There is something special about attending an event where people associated with draft horses gather. In my own case I suppose there is something of a personal connection to the horses that contributes to the feeling I get when at such events.
Calvin

There is something special about attending an event where people associated with draft horses gather.

In my own case I suppose there is something of a personal connection to the horses that contributes to the feeling I get when at such events.

Growing up on a farm we did not have horses, whether other than an obstinate-minded Shetland pony named Trixie that was never content to let a very young me ride, and as I grew a bit older my feet dragged on the ground, leaving Trixie as simply a hay burner on the farm.

But my father always spoke glowingly of draft horses, in particular Clydesdale horses – he loved their ‘feathered’ fetlocks in spite of the effort to keep them mud free when working in the field. He often related how he chose to quit school after Grade 8, in favour of staying home to work the fields with horses. I always had a feeling he half resented the fact he lived a few decades too late, the tractor taking over from his beloved horses.

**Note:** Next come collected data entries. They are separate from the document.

lemma chain_top_in_range:
  assumes "u \<in> {1..m}"
  shows "chain_top u \<in> {1..m}"
proof (cases "chained u")
  case True
  then have "u \<in> {2..m}" using chained_in by blast
  then show ?thesis using chain_top_in by fastforce
qed (use assms chain_top_not_chained in simp)

lemma depth_chain_top:
  assumes "u \<in> {1..m}"
  shows "depth u = depth (chain_top u) + chain_len u"
proof -
  have "(par ^^ (depth (chain_top u) + chain_len u)) u = 1"
    using funpow_depth[OF chain_top_in_range[OF assms]] unfolding chain_top_def
    by (simp add: funpow_add)
  then show ?thesis using depth_unique assms by metis
qed

lemma psi_par_in: "u \<in> {2..m} \<Longrightarrow> psi_par u \<in> {1..m}"
  unfolding psi_par_def using chain_top_in par_in by auto

lemma psi_par_eq_0: "u \<notin> {2..m} \<Longrightarrow> psi_par u = 0"
  unfolding psi_par_def by auto

lemma desc_psi_par: "desc par u (psi_par u)"
proof (cases "u \<in> {2..m}")
  case True
  then show ?thesis unfolding psi_par_def using desc_trans[OF chain_top(3) desc_parent] by simp
next
  case False
  then have "psi_par u = par u" using psi_par_eq_0 par_eq_0 by simp
  then show ?thesis using desc_parent by metis
qed

lemma depth_psi_par_less:
  assumes "u \<in> {2..m}"
  shows "depth (psi_par u) < depth u"
proof -
  have "chain_top u \<in> {2..m}" using chain_top_in assms by blast
  then have "depth (psi_par u) < depth (chain_top u)" unfolding psi_par_def using assms depth_par
    by simp
  also have "\<dots> \<le> depth u" using depth_chain_top[of u] assms by simp
  finally show ?thesis .
qed

lemma is_cayley_psi_par: "is_cayley m psi_par"
  unfolding is_cayley_def
proof (intro conjI ballI allI impI)
  fix v assume "v \<in> {1..m}"
  then show "\<exists>k. (psi_par ^^ k) v = 1"
  proof (induction "depth v" arbitrary: v rule: less_induct)
    case less
    show ?case
    proof (cases "v = 1")
      case False
      then have v: "v \<in> {2..m}" using less.prems by auto
      then obtain k where "(psi_par ^^ k) (psi_par v) = 1"
        using less.hyps[of "psi_par v"] depth_psi_par_less psi_par_in by blast
      then have "(psi_par ^^ Suc k) v = 1" by (simp add: funpow_Suc_right del: funpow.simps)
      then show ?thesis by blast
    qed (intro exI[of _ 0], simp)
  qed
qed (use psi_par_in psi_par_eq_0 in auto)

sublocale psi: cayley_tree m psi_par
  by unfold_locales (rule is_cayley_psi_par)

lemma chain_index:
  assumes "u \<in> {1..m}" "desc par u a" "desc par a (chain_top u)"
  shows "\<exists>i\<le>chain_len u. a = (par ^^ i) u"
proof -
  obtain i where i: "(par ^^ i) u = a" using assms(2) unfolding desc_def by blast
  obtain k where k: "(par ^^ k) a = chain_top u" using assms(3) unfolding desc_def by blast
  have "(par ^^ (k + i)) u = (par ^^ chain_len u) u"
    using i k unfolding chain_top_def by (simp add: funpow_add)
  moreover have "(par ^^ chain_len u) u \<ge> 1"
    using chain_top_in_range[OF assms(1)] unfolding chain_top_def by simp
  ultimately have "chain_len u \<le> k + i \<Longrightarrow> chain_len u = k + i"
    using funpow_par_inj by metis
  then have "i \<le> chain_len u" by linarith
  then show ?thesis using i by blast
qed

lemma chained_child_on_chain:
  assumes "u \<in> {1..m}" "desc par u a" "desc par a (chain_top u)" "a \<noteq> u"
  shows "\<exists>w. chained w \<and> par w = a \<and> desc par u w"
proof -
  obtain i where i: "i \<le> chain_len u" "a = (par ^^ i) u" using chain_index assms(1-3) by blast
  with assms(4) obtain i' where i': "i = Suc i'" by (cases i) auto
  then have "chained ((par ^^ i') u)" "par ((par ^^ i') u) = a" using chain_top(2) i by auto
  moreover have "desc par u ((par ^^ i') u)" unfolding desc_def by blast
  ultimately show ?thesis by blast
qed

lemma chained_siblings_eq: "chained a \<Longrightarrow> chained b \<Longrightarrow> par a = par b \<Longrightarrow> a = b"
  using beta_siblings_neq chained_in unfolding chained_def by metis
theorem corollary4p6:
  fixes G :: "'g monoid" and H :: "'h monoid" and S :: "'g set" and n :: nat
  assumes "group G" and "finite S" and "S \<subseteq> carrier G" and "generate G S = carrier G"
    and "exp_growth G S"
    and "group H" and "finite (carrier H)" and "carrier H \<noteq> {\<one>\<^bsub>H\<^esub>}"
    and "dim_AN (carrier G) (word_dist G S) \<le> enat n"
  shows "\<forall>k\<ge>n.
     (\<exists>D. control_function (carrier (wreath H G)) (word_dist (wreath H G) (wreath_gens H G S)) k D
          \<and> weakly_dominates (\<lambda>t. ereal (2 powr t)) D)
   \<and> (\<forall>D. control_function (carrier (wreath H G)) (word_dist (wreath H G) (wreath_gens H G S)) k D
          \<longrightarrow> weakly_dominates D (\<lambda>t. ereal (2 powr t)))"
proof -
  interpret wreath_word G H S
    using assms by (simp add: wreath_word_def wreath_groups_def wreath_word_axioms_def)
  obtain m where "m \<le> n" and linear: "has_linear_control (carrier G) dG m"
    using dim_AN_le_imp_linear_control assms(9) by blast
  obtain h where h: "h \<in> carrier H" "h \<noteq> \<one>\<^bsub>H\<^esub>"
    using assms(8) H.one_closed by blast
  have growth: "weakly_dominates (growth G S) (\<lambda>t. ereal (2 powr t))"
    using assms(5) by (simp add: exp_growth_def weakly_equivalent_def)
  show ?thesis
  proof (intro allI impI conjI)
    fix k assume "n \<le> k"
    then obtain L where "L \<ge> 1" "control_function (carrier W) dW k (\<lambda>r. ereal (2 powr (L * r + 4)))"
      using linear_control_function_wreath[OF linear] \<open>m \<le> n\<close> le_trans by blast
    then show "\<exists>D. control_function (carrier W) dW k D \<and> weakly_dominates (\<lambda>t. ereal (2 powr t)) D"
      using weakly_dominates_exp_affine by auto
    show "weakly_dominates D (\<lambda>t. ereal (2 powr t))" if "control_function (carrier W) dW k D" for D
      using control_function_dominates_exp[OF growth that h] .
  qed
qed

end
(* Assume $\chi$ is weakly generic, let $\sigma=\sigma_{a,b}$ be a Serre weight with $\mathcal{S}(\chi_1,\chi_2,\sigma)\neq\varnothing$, let $(J,x)$ be its maximal element, and let $s,t,r,\xi$ be as in the context. Suppose $\kappa\in\Sigma$ satisfies $t_\kappa<r_\kappa$. Then $v_p(\xi_\kappa-t_\kappa(p^f-1))>1$ if and only if $e=1$ and $r_\tau=p$, $n_\tau=1$ and $t_\tau=0$ for all $\tau\in\Sigma$.
   Context: Let $p$ be a prime, $K/\mathbf{Q}_p$ finite with residue field $k$, residue degree $f$, ramification index $e$; $I_K$ inertia; $v_p$ is the $p$-adic valuation on $\mathbf{Q}$. Fix $\varpi\in\overline{K}$ with $\varpi^{p^f-1}$ a uniformiser; $\omega\colon G_K\to k^\times$ sends $g$ to the reduction of $g(\varpi)/\varpi$. $\Sigma=\mathrm{Hom}_{\mathbf{F}_p}(k,\overline{\mathbf{F}}_p)$, $\varphi(x)=x^p$, $\omega_\tau=\tau\circ\omega$, $\Omega_{\tau,a}=\sum_{i=0}^{f-1}p^ia_{\tau\circ\varphi^i}$. $\chi_1,\chi_2\colon G_K\to\overline{\mathbf{F}}_p^\times$ continuous, $\chi=\chi_1\chi_2^{-1}=\psi\prod_\tau\omega_\tau^{n_\tau}$, $\psi$ unramified, $n_\tau\in[1,p]$, some $n_\tau<p$. Weakly generic: $n_\tau\in[e,p-e]$ for all $\tau$. Serre weight $\sigma_{a,b}=\bigotimes_\tau(\det^{b_\tau}\otimes\mathrm{Sym}^{a_\tau-b_\tau}k^2)\otimes_{k,\tau}\overline{\mathbf{F}}_p$, $a_\tau-b_\tau\in[0,p-1]$; $r_\tau=a_\tau-b_\tau+1$. $\mathcal{S}(\chi_1,\chi_2,\sigma)$: pairs $(J,x)$, $J\subseteq\Sigma$, $x_\tau\in[0,e-1]$, with $\chi_1|_{I_K}=\prod_{\tau\in J}\omega_\tau^{a_\tau+1+x_\tau}\prod_{\tau\notin J}\omega_\tau^{b_\tau+x_\tau}$ and $\chi_2|_{I_K}=\prod_{\tau\notin J}\omega_\tau^{a_\tau+e-x_\tau}\prod_{\tau\in J}\omega_\tau^{b_\tau+e-1-x_\tau}$. $s(J,x)_\tau=r_\tau+x_\tau$ if $\tau\in J$, $x_\tau$ if $\tau\notin J$. Order: $(J,x)\preceq(J',x')$ iff $\Omega_{\tau,s(J',x')-s(J,x)}\in(p^f-1)\mathbf{Z}_{\ge0}$ for all $\tau$; a non-empty $\mathcal{S}$ has a unique maximal element. For the maximal $(J,x)$: $s=s(J,x)$, $t_\tau=a_\tau-b_\tau+e-s_\tau$, $\xi_\tau=(p^f-1)s_\tau+\Omega_{\tau,s-t}$. *)

theory Defs
  imports "HOL-Number_Theory.Number_Theory" "HOL-Library.Extended_Nat"
begin
(* For any $F$-weighted boundary stratum $\mathcal{S}$, the cone $C(\mathcal{S})\subset\mathbf{S}_{\mathbb{Q}}(F)$ strictly contains the subspace $N(\mathcal{S})$.
   Context: $F$ is a totally real number field of degree $g$ with trace pairing $\langle x,y\rangle=\mathrm{Tr}_{F/\mathbb{Q}}(xy)$. An $F$-weighted stable curve is a stable curve of arithmetic genus $g$ and geometric genus $0$ with an element of a lattice $\mathcal{I}\subset F$ (rank $g$ additive subgroup) attached to each branch at each node, such that the two branches at a node have opposite weights, the weights on each component sum to zero, and the weights span $\mathcal{I}$. An $F$-weighted boundary stratum $\mathcal{S}$ is the moduli space of weighted stable curves topologically equivalent (weight-preservingly) to a fixed one; its weights are those of its nodes. $\mathrm{Sym}_{\mathbb{Q}}(F)\subset F\otimes_{\mathbb{Q}}F$ is the subspace of symmetric tensors, $\mathbf{S}_{\mathbb{Q}}(F)$ the quotient of $F\otimes_{\mathbb{Q}}F$ by the span of $x\otimes y-y\otimes x$, dual via $\langle a\otimes b,c\otimes d\rangle=\langle a,c\rangle\langle b,d\rangle$. $N(\mathcal{S})\subset\mathbf{S}_{\mathbb{Q}}(F)$ is the annihilator of the span of $\{r\otimes r: r\text{ a weight of }\mathcal{S}\}$, and $C(\mathcal{S})=\{x\in\mathbf{S}_{\mathbb{Q}}(F):\langle x,r\otimes r\rangle\geq 0\text{ for each weight } r\text{ of }\mathcal{S}\}$. *)

theory Defs
  imports Complex_Main
begin

definition Q_basis :: "'f::field_char_0 list \<Rightarrow> bool" where
  "Q_basis b \<longleftrightarrow> (\<forall>x. \<exists>!q::nat \<Rightarrow> rat. (\<forall>i. length b \<le> i \<longrightarrow> q i = 0) \<and>
                         x = (\<Sum>i<length b. of_rat (q i) * b ! i))"

definition coords :: "'f::field_char_0 list \<Rightarrow> 'f \<Rightarrow> nat \<Rightarrow> rat" where
  "coords b x = (THE q. (\<forall>i. length b \<le> i \<longrightarrow> q i = 0) \<and>
                         x = (\<Sum>i<length b. of_rat (q i) * b ! i))"

definition trace_wrt :: "'f::field_char_0 list \<Rightarrow> 'f \<Rightarrow> rat" where
  "trace_wrt b x = (\<Sum>i<length b. coords b (x * b ! i) i)"

text \<open>The trace Tr_{F/Q} (computed in some Q-basis; basis independent).\<close>
definition Tr :: "'f::field_char_0 \<Rightarrow> rat" where
  "Tr x = trace_wrt (SOME b. Q_basis b) x"

definition trace_pairing :: "'f::field_char_0 \<Rightarrow> 'f \<Rightarrow> rat" where
  "trace_pairing x y = Tr (x * y)"

definition number_field_of_degree :: "'f::field_char_0 itself \<Rightarrow> nat \<Rightarrow> bool" where
  "number_field_of_degree _ g \<longleftrightarrow> (\<exists>b::'f list. Q_basis b \<and> length b = g)"

definition field_embedding :: "('f::field_char_0 \<Rightarrow> complex) \<Rightarrow> bool" where
  "field_embedding \<sigma> \<longleftrightarrow> \<sigma> 1 = 1 \<and> (\<forall>x y. \<sigma> (x + y) = \<sigma> x + \<sigma> y) \<and>
                        (\<forall>x y. \<sigma> (x * y) = \<sigma> x * \<sigma> y)"

definition totally_real :: "'f::field_char_0 itself \<Rightarrow> bool" where
  "totally_real _ \<longleftrightarrow> (\<forall>\<sigma>::'f \<Rightarrow> complex. field_embedding \<sigma> \<longrightarrow> (\<forall>x. \<sigma> x \<in> \<real>))"

definition int_span :: "'f::field_char_0 set \<Rightarrow> 'f set" where
  "int_span S = {\<Sum>s\<in>S. of_int (n s) * s | n. True}"

definition lattice :: "'f::field_char_0 set \<Rightarrow> bool" where
  "lattice I \<longleftrightarrow> (\<exists>v. Q_basis v \<and> I = {\<Sum>i<length v. of_int (n i) * v ! i | n. True})"

text \<open>Dual graph of a stable curve of arithmetic genus g and geometric genus 0:
  finite set H of branches (half-edges) at nodes, finite set V of components (all rational),
  vert h = component containing branch h, iota h = the other branch at the same node.\<close>
definition stable_rational_graph ::
  "'h set \<Rightarrow> 'v set \<Rightarrow> ('h \<Rightarrow> 'v) \<Rightarrow> ('h \<Rightarrow> 'h) \<Rightarrow> nat \<Rightarrow> bool" where
  "stable_rational_graph H V vert iota g \<longleftrightarrow>
     finite H \<and> finite V \<and> V \<noteq> {} \<and>
     (\<forall>h\<in>H. vert h \<in> V) \<and>
     (\<forall>h\<in>H. iota h \<in> H \<and> iota h \<noteq> h \<and> iota (iota h) = h) \<and>
     (\<forall>u\<in>V. \<forall>u'\<in>V. (u, u') \<in> {(vert h, vert (iota h)) | h. h \<in> H}\<^sup>*) \<and>
     card H + 2 = 2 * g + 2 * card V \<and>
     (\<forall>u\<in>V. card {h\<in>H. vert h = u} \<ge> 3)"

definition F_weighted_stable_curve ::
  "'f::field_char_0 set \<Rightarrow> 'h set \<Rightarrow> 'v set \<Rightarrow> ('h \<Rightarrow> 'v) \<Rightarrow> ('h \<Rightarrow> 'h) \<Rightarrow> ('h \<Rightarrow> 'f) \<Rightarrow> nat \<Rightarrow> bool" where
  "F_weighted_stable_curve I H V vert iota w g \<longleftrightarrow>
     stable_rational_graph H V vert iota g \<and>
     (\<forall>h\<in>H. w h \<in> I) \<and>
     (\<forall>h\<in>H. w (iota h) = - w h) \<and>
     (\<forall>u\<in>V. (\<Sum>h\<in>{h\<in>H. vert h = u}. w h) = 0) \<and>
     int_span (w ` H) = I"

text \<open>Elements of F \<otimes>_Q F are represented by formal sums \<Sum> a_i \<otimes> b_i (lists of pairs);
  elements of S_Q(F) are represented by such representatives.\<close>
type_synonym 'f tensor = "('f \<times> 'f) list"

definition tensor_pairing :: "'f::field_char_0 tensor \<Rightarrow> 'f tensor \<Rightarrow> rat" where
  "tensor_pairing xs ys =
     (\<Sum>(a, b)\<leftarrow>xs. \<Sum>(c, d)\<leftarrow>ys. trace_pairing a c * trace_pairing b d)"

definition sq_span :: "'f::field_char_0 set \<Rightarrow> 'f tensor set" where
  "sq_span W = {ys. \<forall>p\<in>set ys. \<exists>q::rat. \<exists>r\<in>W. p = (of_rat q * r, r)}"

definition N_set :: "'f::field_char_0 set \<Rightarrow> 'f tensor set" where
  "N_set W = {x. \<forall>y\<in>sq_span W. tensor_pairing x y = 0}"

definition C_set :: "'f::field_char_0 set \<Rightarrow> 'f tensor set" where
  "C_set W = {x. \<forall>r\<in>W. tensor_pairing x [(r, r)] \<ge> 0}"

end

theory Submission
  imports Defs
begin

text \<open>N(S) lies in C(S) since its elements pair to 0 with every r \<otimes> r. The weights span a
  nonzero lattice, so some weight r is nonzero. The pure square x = r^-1 \<otimes> r^-1 pairs with
  every s \<otimes> s to the square Tr(s/r)^2 \<ge> 0, and with r \<otimes> r to Tr(1)^2 = g^2 \<noteq> 0;
  hence x lies in C(S) but not in N(S).\<close>

lemma coords_nth_Q_basis:
  assumes b: "Q_basis (b::'f::field_char_0 list)" and i: "i < length b"
  shows "coords b (b ! i) i = 1"
proof -
  let ?q = "\<lambda>j. if j = i then (1::rat) else 0"
  have q: "(\<forall>j. length b \<le> j \<longrightarrow> ?q j = 0) \<and> b ! i = (\<Sum>j<length b. of_rat (?q j) * b ! j)"
    using i by (simp add: if_distrib[where f="\<lambda>c. of_rat c * _"] sum.delta cong: if_cong)
  from b have uniq: "\<exists>!q::nat \<Rightarrow> rat. (\<forall>j. length b \<le> j \<longrightarrow> q j = 0) \<and>
                         b ! i = (\<Sum>j<length b. of_rat (q j) * b ! j)"
    unfolding Q_basis_def by blast
  have "coords b (b ! i) = ?q"
    unfolding coords_def by (rule the1_equality[OF uniq]) (rule q)
  then show ?thesis by simp
qed

lemma Q_basis_nonempty:
  assumes "Q_basis (b::'f::field_char_0 list)"
  shows "b \<noteq> []"
proof -
  from assms obtain q where "(\<Sum>i<length b. of_rat (q i) * b ! i) = (1::'f)"
    unfolding Q_basis_def by metis
  then show ?thesis by (cases b) auto
qed

lemma Tr_one_neq_zero:
  assumes "Q_basis (b::'f::field_char_0 list)"
  shows "Tr (1::'f) \<noteq> 0"
proof -
  define b' where "b' = (SOME b::'f list. Q_basis b)"
  have b': "Q_basis b'" unfolding b'_def using assms by (rule someI)
  have "Tr (1::'f) = (\<Sum>i<length b'. coords b' (b' ! i) i)"
    unfolding Tr_def trace_wrt_def b'_def by simp
  also have "\<dots> = of_nat (length b')"
    using coords_nth_Q_basis[OF b'] by simp
  finally show ?thesis using Q_basis_nonempty[OF b'] by simp
qed

lemma lattice_has_nonzero:
  assumes "lattice (I::'f::field_char_0 set)"
  shows "\<exists>x\<in>I. x \<noteq> 0"
proof (rule ccontr)
  assume zero: "\<not> (\<exists>x\<in>I. x \<noteq> 0)"
  from assms obtain v where v: "Q_basis v"
    and I: "I = {\<Sum>i<length v. of_int (n i) * v ! i | n. True}"
    unfolding lattice_def by blast
  have "v ! i \<in> I" if "i < length v" for i
  proof -
    have "v ! i = (\<Sum>j<length v. of_int (if j = i then 1 else 0) * v ! j)"
      using that by (simp add: if_distrib[where f="\<lambda>c. of_int c * _"] sum.delta cong: if_cong)
    then show ?thesis
      unfolding I by (intro CollectI exI[of _ "\<lambda>j. if j = i then 1 else 0"]) simp
  qed
  with zero have vanish: "v ! i = 0" if "i < length v" for i
    using that by blast
  from v obtain q where q: "(\<Sum>i<length v. of_rat (q i) * v ! i) = (1::'f)"
    unfolding Q_basis_def by metis
  have "(\<Sum>i<length v. of_rat (q i) * v ! i) = (0::'f)"
    using vanish by simp
  with q show False by simp
qed

lemma int_span_zero:
  assumes "\<forall>s\<in>S. s = 0"
  shows "int_span S \<subseteq> {0}"
  unfolding int_span_def using assms by (auto intro!: sum.neutral)

lemma F_weighted_stable_curve_nonzero_weight:
  assumes "lattice I" and "F_weighted_stable_curve I H V vert iota w g"
  shows "\<exists>r\<in>w ` H. r \<noteq> 0"
proof -
  have "int_span (w ` H) = I"
    using assms(2) unfolding F_weighted_stable_curve_def by blast
  then show ?thesis using lattice_has_nonzero[OF assms(1)] int_span_zero by blast
qed

lemma square_in_sq_span: "r \<in> W \<Longrightarrow> [(r, r)] \<in> sq_span W"
  unfolding sq_span_def by (auto intro!: exI[of _ 1])

lemma tensor_pairing_squares: "tensor_pairing [(a, a)] [(r, r)] = (Tr (a * r))\<^sup>2"
  unfolding tensor_pairing_def trace_pairing_def by (simp add: power2_eq_square)

lemma N_set_subset_C_set: "N_set W \<subseteq> C_set W"
proof
  fix x
  assume "x \<in> N_set W"
  then have "tensor_pairing x [(r, r)] = 0" if "r \<in> W" for r
    using square_in_sq_span[OF that] unfolding N_set_def by blast
  then show "x \<in> C_set W" unfolding C_set_def by simp
qed

lemma square_in_C_set: "[(a, a)] \<in> C_set W"
  unfolding C_set_def by (simp add: tensor_pairing_squares)

lemma square_notin_N_set:
  assumes "r \<in> W" and "Tr (a * r) \<noteq> 0"
  shows "[(a, a)] \<notin> N_set W"
proof
  assume "[(a, a)] \<in> N_set W"
  then have "tensor_pairing [(a, a)] [(r, r)] = 0"
    using square_in_sq_span[OF assms(1)] unfolding N_set_def by blast
  with assms(2) show False by (simp add: tensor_pairing_squares)
qed

lemma N_set_psubset_C_set:
  fixes W :: "'f::field_char_0 set"
  assumes "Q_basis (b::'f list)" and "r \<in> W" and "r \<noteq> 0"
  shows "N_set W \<subset> C_set W"
proof -
  have "Tr (inverse r * r) \<noteq> 0" using Tr_one_neq_zero[OF assms(1)] assms(3) by simp
  then have "[(inverse r, inverse r)] \<in> C_set W - N_set W"
    using assms(2) square_in_C_set square_notin_N_set by blast
  then show ?thesis using N_set_subset_C_set by blast
qed

theorem corollary3p2:
  fixes I :: "'f::field_char_0 set" and g :: nat
    and H :: "'h set" and V :: "'v set" and vert :: "'h \<Rightarrow> 'v" and iota :: "'h \<Rightarrow> 'h"
    and w :: "'h \<Rightarrow> 'f"
  assumes "number_field_of_degree TYPE('f) g"
    and "totally_real TYPE('f)"
    and "lattice I"
    and "F_weighted_stable_curve I H V vert iota w g"
  shows "N_set (w ` H) \<subset> C_set (w ` H)"
proof -
  obtain b :: "'f list" where "Q_basis b"
    using assms(1) unfolding number_field_of_degree_def by blast
  moreover obtain r where "r \<in> w ` H" "r \<noteq> 0"
    using F_weighted_stable_curve_nonzero_weight[OF assms(3,4)] by blast
  ultimately show ?thesis by (rule N_set_psubset_C_set)
qed

end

When I attend events such as the draft horse pulls at the Grain Millers Harvest Showdown in Yorkton each November, the PALS horse field day at Rama, or the chore team competition held at Tail Winds stable, I recognize the look my father had when talking about draft horses in the eyes of those involved in the events.

There is something about the big horses, the calmness they exhibit, their desire to do what is asked of them, the power they can generate when called upon that endears the big horses to those who work with them. It is something you can feel when you move among them at such events.

The use of horses today of course is largely a hobby. The use of a team to work a field a rarity indeed and one that really holds onto a long lost past, but one can appreciate the desire to hold onto the history of farming, in particular the skills of farming with horses.

For those using horses to do chores there is clearly something far more personal in the undertaking than there is in starting an inanimate tractor to do the work. There is a partnership of effort with the team, the daily work building on the bond of teamsters and their horses.

In our cellphone connected world of instant everything, and little time for the joys of life, harnessing a team for work around the yard connects to a simpler time when there was a joy in working with creatures happy to do their part in concert with the driver.

It is something of our past, but I understand why some hang on to that past so tightly when I walk among the big horses.